[Opening Data for review section]

lemma powr_increment_ge:
  fixes b R t u :: real
  assumes b: "0 < b" "b < 1" and tu: "0 \<le> t" "t \<le> u" "u \<le> R"
  shows "b * R powr (b - 1) * (u - t) \<le> u powr b - t powr b"
proof (cases "t = 0")
  case True
  show ?thesis
  proof (cases "u = 0")
    case False
    then have u: "u > 0" using tu by simp
    have "b * R powr (b - 1) * u \<le> R powr (b - 1) * u"
      unfolding mult.assoc by (rule mult_left_le_one_le) (use b u in auto)
    also have "\<dots> \<le> u powr (b - 1) * u"
      by (intro mult_right_mono powr_mono2') (use b tu u in auto)
    also have "\<dots> = u powr b"
      using u by (simp add: powr_diff)
    finally show ?thesis using True by simp
  qed (use True in simp)
next
  case False
  then have t: "t > 0" using tu by simp
  let ?g = "\<lambda>x. x powr b - b * R powr (b - 1) * x"
  have "?g t \<le> ?g u"
  proof (rule deriv_nonneg_imp_mono[where g = ?g and a = t and b = u and g' = "\<lambda>x. b * x powr (b - 1) - b * R powr (b - 1)"])
    fix x assume x: "x \<in> {t..u}"
    then have "x > 0" using t by auto
    then show "(?g has_real_derivative b * x powr (b - 1) - b * R powr (b - 1)) (at x)"
      by (auto intro!: derivative_eq_intros)
    have "R powr (b - 1) \<le> x powr (b - 1)"
      by (rule powr_mono2') (use b x \<open>x > 0\<close> tu in auto)
    then show "0 \<le> b * x powr (b - 1) - b * R powr (b - 1)"
      using b by simp
  qed (use tu in auto)
  then show ?thesis by (simp add: algebra_simps)
qed

lemma abs_powr_deriv_increment_ge:
  fixes a R t u :: real
  assumes a: "1 < a" "a < 2" and tu: "- R \<le> t" "t \<le> u" "u \<le> R"
  shows "a * (a - 1) * R powr (a - 2) * (u - t) \<le> abs_powr_deriv a u - abs_powr_deriv a t"
proof -
  define c where "c = (a - 1) * R powr (a - 2)"
  have nonneg: "abs_powr_deriv a x = a * x powr (a - 1)" if "x \<ge> 0" for x
    using that by (auto simp: abs_powr_deriv_def sgn_if)
  have neg: "abs_powr_deriv a x = - a * (-x) powr (a - 1)" if "x < 0" for x
    using that by (auto simp: abs_powr_deriv_def sgn_if)
  have concave: "c * (q - p) \<le> q powr (a - 1) - p powr (a - 1)" if "0 \<le> p" "p \<le> q" "q \<le> R" for p q
    using powr_increment_ge[of "a - 1" p q R] that a by (simp add: c_def)
  have "c * (u - t) \<le> (abs_powr_deriv a u - abs_powr_deriv a t) / a"
  proof -
    consider "0 \<le> t" | "u < 0" | "t < 0" "0 \<le> u" by linarith
    then show ?thesis
    proof cases
      case 1
      have "(abs_powr_deriv a u - abs_powr_deriv a t) / a = u powr (a - 1) - t powr (a - 1)"
        using 1 tu a by (simp add: nonneg field_simps)
      then show ?thesis using concave[of t u] tu 1 by simp
    next
      case 2
      have "(abs_powr_deriv a u - abs_powr_deriv a t) / a = (-t) powr (a - 1) - (-u) powr (a - 1)"
        using 2 tu a by (simp add: neg field_simps)
      then show ?thesis using concave[of "-u" "-t"] tu 2 by simp
    next
      case 3
      have "(abs_powr_deriv a u - abs_powr_deriv a t) / a = u powr (a - 1) + (-t) powr (a - 1)"
        using 3 tu a by (simp add: nonneg neg field_simps)
      then show ?thesis using concave[of 0 u] concave[of 0 "-t"] tu 3 by (simp add: algebra_simps)
    qed
  qed
  then show ?thesis using a by (simp add: c_def field_simps)
qed

lemma abs_powr_deriv_mono:
  assumes "1 < a" "a < 2" "t \<le> u"
  shows "abs_powr_deriv a t \<le> abs_powr_deriv a u"
proof -
  have "0 \<le> a * (a - 1) * (\<bar>t\<bar> + \<bar>u\<bar>) powr (a - 2) * (u - t)"
    using assms by auto
  also have "\<dots> \<le> abs_powr_deriv a u - abs_powr_deriv a t"
    by (rule abs_powr_deriv_increment_ge) (use assms in auto)
  finally show ?thesis by simp
qed

text \<open>A step of length at least 1 is compared with the unit step inside the smaller of the two
  balls, where the derivative of \<open>\<bar>t\<bar> powr a\<close> grows fastest.\<close>
lemma abs_powr_deriv_shift_ge:
  assumes a: "1 < a" "a < 2" and AB: "1 \<le> A" "1 \<le> B"
    and t: "\<bar>t\<bar> \<le> A" "\<bar>t + d\<bar> \<le> B" and d: "1 \<le> d"
  shows "a * (a - 1) * (2 * min A B) powr (a - 2) \<le> abs_powr_deriv a (t + d) - abs_powr_deriv a t"
proof (cases "A \<le> B")
  case True
  have "a * (a - 1) * (2 * A) powr (a - 2) * ((t + 1) - t)
      \<le> abs_powr_deriv a (t + 1) - abs_powr_deriv a t"
    by (rule abs_powr_deriv_increment_ge) (use a AB t d in auto)
  moreover have "abs_powr_deriv a (t + 1) \<le> abs_powr_deriv a (t + d)"
    by (rule abs_powr_deriv_mono) (use a d in auto)
  ultimately show ?thesis using True by simp
next
  case False
  have "a * (a - 1) * (2 * B) powr (a - 2) * ((t + d) - (t + d - 1))
      \<le> abs_powr_deriv a (t + d) - abs_powr_deriv a (t + d - 1)"
    by (rule abs_powr_deriv_increment_ge) (use a AB t d in auto)
  moreover have "abs_powr_deriv a t \<le> abs_powr_deriv a (t + d - 1)"
    by (rule abs_powr_deriv_mono) (use a d in auto)
  ultimately show ?thesis using False by simp
qed

lemma abs_powr_deriv_gap:
  assumes a: "1 < a" "a < 2" and AB: "1 \<le> A" "1 \<le> B"
    and t: "\<bar>t\<bar> \<le> A" "\<bar>t + d\<bar> \<le> B" and d: "1 \<le> \<bar>d\<bar>"
  shows "a * (a - 1) / 2 * (min A B) powr (a - 2) \<le> \<bar>abs_powr_deriv a (t + d) - abs_powr_deriv a t\<bar>"
proof -
  have "(min A B) powr (a - 2) / 2 = 2 powr (-1) * (min A B) powr (a - 2)"
    by (simp add: powr_minus_divide)
  also have "\<dots> \<le> 2 powr (a - 2) * (min A B) powr (a - 2)"
    using a by (intro mult_right_mono powr_mono) auto
  also have "\<dots> = (2 * min A B) powr (a - 2)"
    using AB by (simp add: powr_mult)
  finally have "(min A B) powr (a - 2) / 2 \<le> (2 * min A B) powr (a - 2)" .
  then have "a * (a - 1) * ((min A B) powr (a - 2) / 2) \<le> a * (a - 1) * (2 * min A B) powr (a - 2)"
    using a by (intro mult_left_mono) auto
  also have "\<dots> \<le> \<bar>abs_powr_deriv a (t + d) - abs_powr_deriv a t\<bar>"
  proof (cases "d \<ge> 1")
    case True
    then show ?thesis using abs_powr_deriv_shift_ge[OF a AB t] by simp
  next
    case False
    then have "a * (a - 1) * (2 * min B A) powr (a - 2)
        \<le> abs_powr_deriv a ((t + d) + - d) - abs_powr_deriv a (t + d)"
      using d t by (intro abs_powr_deriv_shift_ge a AB) auto
    then show ?thesis by (simp add: min.commute)
  qed
  finally show ?thesis by simp
qed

[Closing Data for review section]

How to complete this task =
Copy all of the data. Keep every word exactly as it is.

Problem solution =
lemma powr_increment_ge:
  fixes b R t u :: real
  assumes b: "0 < b" "b < 1" and tu: "0 \<le> t" "t \<le> u" "u \<le> R"
  shows "b * R powr (b - 1) * (u - t) \<le> u powr b - t powr b"
proof (cases "t = 0")
  case True
  show ?thesis
  proof (cases "u = 0")
    case False
    then have u: "u > 0" using tu by simp
    have "b * R powr (b - 1) * u \<le> R powr (b - 1) * u"
      unfolding mult.assoc by (rule mult_left_le_one_le) (use b u in auto)
    also have "\<dots> \<le> u powr (b - 1) * u"
      by (intro mult_right_mono powr_mono2') (use b tu u in auto)
    also have "\<dots> = u powr b"
      using u by (simp add: powr_diff)
    finally show ?thesis using True by simp
  qed (use True in simp)
next
  case False
  then have t: "t > 0" using tu by simp
  let ?g = "\<lambda>x. x powr b - b * R powr (b - 1) * x"
  have "?g t \<le> ?g u"
  proof (rule deriv_nonneg_imp_mono[where g = ?g and a = t and b = u and g' = "\<lambda>x. b * x powr (b - 1) - b * R powr (b - 1)"])
    fix x assume x: "x \<in> {t..u}"
    then have "x > 0" using t by auto
    then show "(?g has_real_derivative b * x powr (b - 1) - b * R powr (b - 1)) (at x)"
      by (auto intro!: derivative_eq_intros)
    have "R powr (b - 1) \<le> x powr (b - 1)"
      by (rule powr_mono2') (use b x \<open>x > 0\<close> tu in auto)
    then show "0 \<le> b * x powr (b - 1) - b * R powr (b - 1)"
      using b by simp
  qed (use tu in auto)
  then show ?thesis by (simp add: algebra_simps)
qed

lemma abs_powr_deriv_increment_ge:
  fixes a R t u :: real
  assumes a: "1 < a" "a < 2" and tu: "- R \<le> t" "t \<le> u" "u \<le> R"
  shows "a * (a - 1) * R powr (a - 2) * (u - t) \<le> abs_powr_deriv a u - abs_powr_deriv a t"
proof -
  define c where "c = (a - 1) * R powr (a - 2)"
  have nonneg: "abs_powr_deriv a x = a * x powr (a - 1)" if "x \<ge> 0" for x
    using that by (auto simp: abs_powr_deriv_def sgn_if)
  have neg: "abs_powr_deriv a x = - a * (-x) powr (a - 1)" if "x < 0" for x
    using that by (auto simp: abs_powr_deriv_def sgn_if)
  have concave: "c * (q - p) \<le> q powr (a - 1) - p powr (a - 1)" if "0 \<le> p" "p \<le> q" "q \<le> R" for p q
    using powr_increment_ge[of "a - 1" p q R] that a by (simp add: c_def)
  have "c * (u - t) \<le> (abs_powr_deriv a u - abs_powr_deriv a t) / a"
  proof -
    consider "0 \<le> t" | "u < 0" | "t < 0" "0 \<le> u" by linarith
    then show ?thesis
    proof cases
      case 1
      have "(abs_powr_deriv a u - abs_powr_deriv a t) / a = u powr (a - 1) - t powr (a - 1)"
        using 1 tu a by (simp add: nonneg field_simps)
      then show ?thesis using concave[of t u] tu 1 by simp
    next
      case 2
      have "(abs_powr_deriv a u - abs_powr_deriv a t) / a = (-t) powr (a - 1) - (-u) powr (a - 1)"
        using 2 tu a by (simp add: neg field_simps)
      then show ?thesis using concave[of "-u" "-t"] tu 2 by simp
    next
      case 3
      have "(abs_powr_deriv a u - abs_powr_deriv a t) / a = u powr (a - 1) + (-t) powr (a - 1)"
        using 3 tu a by (simp add: nonneg neg field_simps)
      then show ?thesis using concave[of 0 u] concave[of 0 "-t"] tu 3 by (simp add: algebra_simps)
    qed
  qed
  then show ?thesis using a by (simp add: c_def field_simps)
qed

lemma abs_powr_deriv_mono:
  assumes "1 < a" "a < 2" "t \<le> u"
  shows "abs_powr_deriv a t \<le> abs_powr_deriv a u"
proof -
  have "0 \<le> a * (a - 1) * (\<bar>t\<bar> + \<bar>u\<bar>) powr (a - 2) * (u - t)"
    using assms by auto
  also have "\<dots> \<le> abs_powr_deriv a u - abs_powr_deriv a t"
    by (rule abs_powr_deriv_increment_ge) (use assms in auto)
  finally show ?thesis by simp
qed

text \<open>A step of length at least 1 is compared with the unit step inside the smaller of the two
  balls, where the derivative of \<open>\<bar>t\<bar> powr a\<close> grows fastest.\<close>
lemma abs_powr_deriv_shift_ge:
  assumes a: "1 < a" "a < 2" and AB: "1 \<le> A" "1 \<le> B"
    and t: "\<bar>t\<bar> \<le> A" "\<bar>t + d\<bar> \<le> B" and d: "1 \<le> d"
  shows "a * (a - 1) * (2 * min A B) powr (a - 2) \<le> abs_powr_deriv a (t + d) - abs_powr_deriv a t"
proof (cases "A \<le> B")
  case True
  have "a * (a - 1) * (2 * A) powr (a - 2) * ((t + 1) - t)
      \<le> abs_powr_deriv a (t + 1) - abs_powr_deriv a t"
    by (rule abs_powr_deriv_increment_ge) (use a AB t d in auto)
  moreover have "abs_powr_deriv a (t + 1) \<le> abs_powr_deriv a (t + d)"
    by (rule abs_powr_deriv_mono) (use a d in auto)
  ultimately show ?thesis using True by simp
next
  case False
  have "a * (a - 1) * (2 * B) powr (a - 2) * ((t + d) - (t + d - 1))
      \<le> abs_powr_deriv a (t + d) - abs_powr_deriv a (t + d - 1)"
    by (rule abs_powr_deriv_increment_ge) (use a AB t d in auto)
  moreover have "abs_powr_deriv a t \<le> abs_powr_deriv a (t + d - 1)"
    by (rule abs_powr_deriv_mono) (use a d in auto)
  ultimately show ?thesis using False by simp
qed

lemma abs_powr_deriv_gap:
  assumes a: "1 < a" "a < 2" and AB: "1 \<le> A" "1 \<le> B"
    and t: "\<bar>t\<bar> \<le> A" "\<bar>t + d\<bar> \<le> B" and d: "1 \<le> \<bar>d\<bar>"
  shows "a * (a - 1) / 2 * (min A B) powr (a - 2) \<le> \<bar>abs_powr_deriv a (t + d) - abs_powr_deriv a t\<bar>"
proof -
  have "(min A B) powr (a - 2) / 2 = 2 powr (-1) * (min A B) powr (a - 2)"
    by (simp add: powr_minus_divide)
  also have "\<dots> \<le> 2 powr (a - 2) * (min A B) powr (a - 2)"
    using a by (intro mult_right_mono powr_mono) auto
  also have "\<dots> = (2 * min A B) powr (a - 2)"
    using AB by (simp add: powr_mult)
  finally have "(min A B) powr (a - 2) / 2 \<le> (2 * min A B) powr (a - 2)" .
  then have "a * (a - 1) * ((min A B) powr (a - 2) / 2) \<le> a * (a - 1) * (2 * min A B) powr (a - 2)"
    using a by (intro mult_left_mono) auto
  also have "\<dots> \<le> \<bar>abs_powr_deriv a (t + d) - abs_powr_deriv a t\<bar>"
  proof (cases "d \<ge> 1")
    case True
    then show ?thesis using abs_powr_deriv_shift_ge[OF a AB t] by simp
  next
    case False
    then have "a * (a - 1) * (2 * min B A) powr (a - 2)
        \<le> abs_powr_deriv a ((t + d) + - d) - abs_powr_deriv a (t + d)"
      using d t by (intro abs_powr_deriv_shift_ge a AB) auto
    then show ?thesis by (simp add: min.commute)
  qed
  finally show ?thesis by simp
qed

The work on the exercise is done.